▶ **DIRECTIONS**: Within the data below, find the string "bool" and return each line where it occurs.

[Stored data entries]
lemma homeo_bd_alexander:
  assumes g: "homeo_bd g" and u: "u \<in> {0..1}"
  shows "homeo_bd (alexander u g)"
proof -
  obtain h where gh: "homeomorphism (cball 0 1) (cball 0 1) g h" and h: "homeo_bd h"
    using homeo_bd_inverse[OF g] .
  have cont: "continuous_on (cball 0 1) (alexander u f)" if f: "homeo_bd f" for f
  proof -
    have "continuous_on (cball 0 1) (\<lambda>x. (\<lambda>(u, x). alexander u f x) (u, x))"
      by (rule continuous_on_compose2[OF continuous_on_alexander])
        (use f u homeo_bd_continuous homeo_bd_maps_cball homeo_bd_fixes_sphere
          in \<open>auto intro!: continuous_intros\<close>)
    then show ?thesis by simp
  qed
  have "homeomorphism (cball 0 1) (cball 0 1) (alexander u g) (alexander u h)"
  proof
    show "alexander u h (alexander u g x) = x" if "x \<in> cball 0 1" for x
      using alexander_inverse[of g h u x] homeo_bd_maps_cball[OF g] homeomorphism_apply1[OF gh] u that
      by auto
    show "alexander u g (alexander u h x) = x" if "x \<in> cball 0 1" for x
      using alexander_inverse[of h g u x] homeo_bd_maps_cball[OF h] homeomorphism_apply2[OF gh] u that
      by auto
    show "alexander u g ` cball 0 1 \<subseteq> cball 0 1"
      using alexander_maps_cball[of g u, OF homeo_bd_maps_cball[OF g] u] by blast
    show "alexander u h ` cball 0 1 \<subseteq> cball 0 1"
      using alexander_maps_cball[of h u, OF homeo_bd_maps_cball[OF h] u] by blast
  qed (use cont[OF g] cont[OF h] in auto)
  moreover have "\<exists>e>0. \<forall>x\<in>cball 0 1. 1 - e < norm x \<longrightarrow> alexander u g x = x"
  proof (cases "u < 1")
    case True
    then show ?thesis by (intro exI[of _ "1 - u"]) (auto simp: alexander_def)
  next
    case False
    then have "u = 1" using u by simp
    then show ?thesis using g alexander_1 unfolding homeo_bd_def by (metis mem_cball_0)
  qed
  ultimately show ?thesis unfolding homeo_bd_def by blast
qed

lemma isotopy_alexander:
  assumes "homeo_bd \<phi>"
  shows "isotopy (\<lambda>u. alexander u \<phi>) \<phi>"
  unfolding isotopy_def
  using continuous_on_alexander[of \<phi>] homeo_bd_continuous homeo_bd_maps_cball homeo_bd_fixes_sphere
    homeo_bd_alexander alexander_1 assms
  by auto

lemma isotopy_continuous: "isotopy H \<phi> \<Longrightarrow> continuous_on ({0..1} \<times> cball 0 1) (\<lambda>(t, x). H t x)"
  by (simp add: isotopy_def)

lemma isotopy_homeo_bd: "isotopy H \<phi> \<Longrightarrow> t \<in> {0..1} \<Longrightarrow> homeo_bd (H t)"
  by (simp add: isotopy_def)

lemma isotopy_start: "isotopy H \<phi> \<Longrightarrow> x \<in> cball 0 1 \<Longrightarrow> H 0 x = x"
  by (simp add: isotopy_def)

lemma isotopy_finish: "isotopy H \<phi> \<Longrightarrow> x \<in> cball 0 1 \<Longrightarrow> H 1 x = \<phi> x"
  by (simp add: isotopy_def)

lemma qpt_in_ball: "i < n \<Longrightarrow> qpt n i \<in> ball 0 1"
proof -
  assume "i < n"
  then have "\<bar>(2 * real i + 2 - (real n + 1)) / (real n + 1)\<bar> < 1"
    by (auto simp: abs_less_iff field_simps)
  then show ?thesis by (simp only: qpt_def norm_of_real mem_ball_0)
qed

lemma pathstart_braid_path [simp]: "pathstart (braid_path n \<phi> H P) = base_conf n"
  by (auto simp: pathstart_def braid_path_def base_conf_def)

lemma pathfinish_braid_path [simp]: "pathfinish (braid_path n \<phi> H P) = base_conf n"
  by (auto simp: pathfinish_def braid_path_def base_conf_def)
(* Let $X$ be an infinite dimensional Banach lattice in which $\ell_\infty$ is finitely lattice representable. Then $X_L=\ell_\infty$ with equality of norms.
   Context: Banach lattices are real; disjoint means $|x|\wedge|y|=0$. $\ell_\infty$ is finitely lattice representable in $X$ if for every $n$ and $\varepsilon>0$ there are pairwise disjoint $x_1,\dots,x_n\in X$ with $\max_i|a_i|\le\|\sum a_ix_i\|_X\le(1+\varepsilon)\max_i|a_i|$ for all $a\in\mathbb R^n$. $\mathfrak B_n(X)$ is the set of $n$-tuples of pairwise disjoint norm-one elements of $X$; for $a\in\mathbb R^n$, $\Phi_n(a):=\inf\{\|\sum_{i=1}^n a_ix_i\|_X:(x_i)\in\mathfrak B_n(X)\}$ and $\|a\|_{X_L(n)}:=\inf\{\sum_{k\in F}\Phi_n(a^k):F\text{ finite}, a^k\in\mathbb R^n, a=\sum_{k\in F}a^k\}$; $X_L$ is the space of real sequences $a$ with $\|a\|_{X_L}:=\sup_n\|(a_i)_{i=1}^n\|_{X_L(n)}<\infty$. *)

theory Defs
  imports "HOL-Analysis.Analysis"
begin

class banach_lattice = banach + lattice +
  assumes bl_add_mono: "x \<le> y \<Longrightarrow> x + z \<le> y + z"
    and bl_scale_mono: "x \<le> y \<Longrightarrow> 0 \<le> c \<Longrightarrow> c *\<^sub>R x \<le> c *\<^sub>R y"
    and bl_norm_mono: "sup x (- x) \<le> sup y (- y) \<Longrightarrow> norm x \<le> norm y"

definition labs :: "'a::banach_lattice \<Rightarrow> 'a" where
  "labs x = sup x (- x)"

definition ldisjoint :: "'a::banach_lattice \<Rightarrow> 'a \<Rightarrow> bool" where
  "ldisjoint x y \<longleftrightarrow> inf (labs x) (labs y) = 0"

definition infinite_dimensional :: "'a::real_vector itself \<Rightarrow> bool" where
  "infinite_dimensional (_ :: 'a itself) \<longleftrightarrow>
     (\<forall>B :: 'a set. finite B \<longrightarrow> span B \<noteq> UNIV)"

▶ **YOUR SOLUTION**:
definition ldisjoint :: "'a::banach_lattice \<Rightarrow> 'a \<Rightarrow> bool" where
definition infinite_dimensional :: "'a::real_vector itself \<Rightarrow> bool" where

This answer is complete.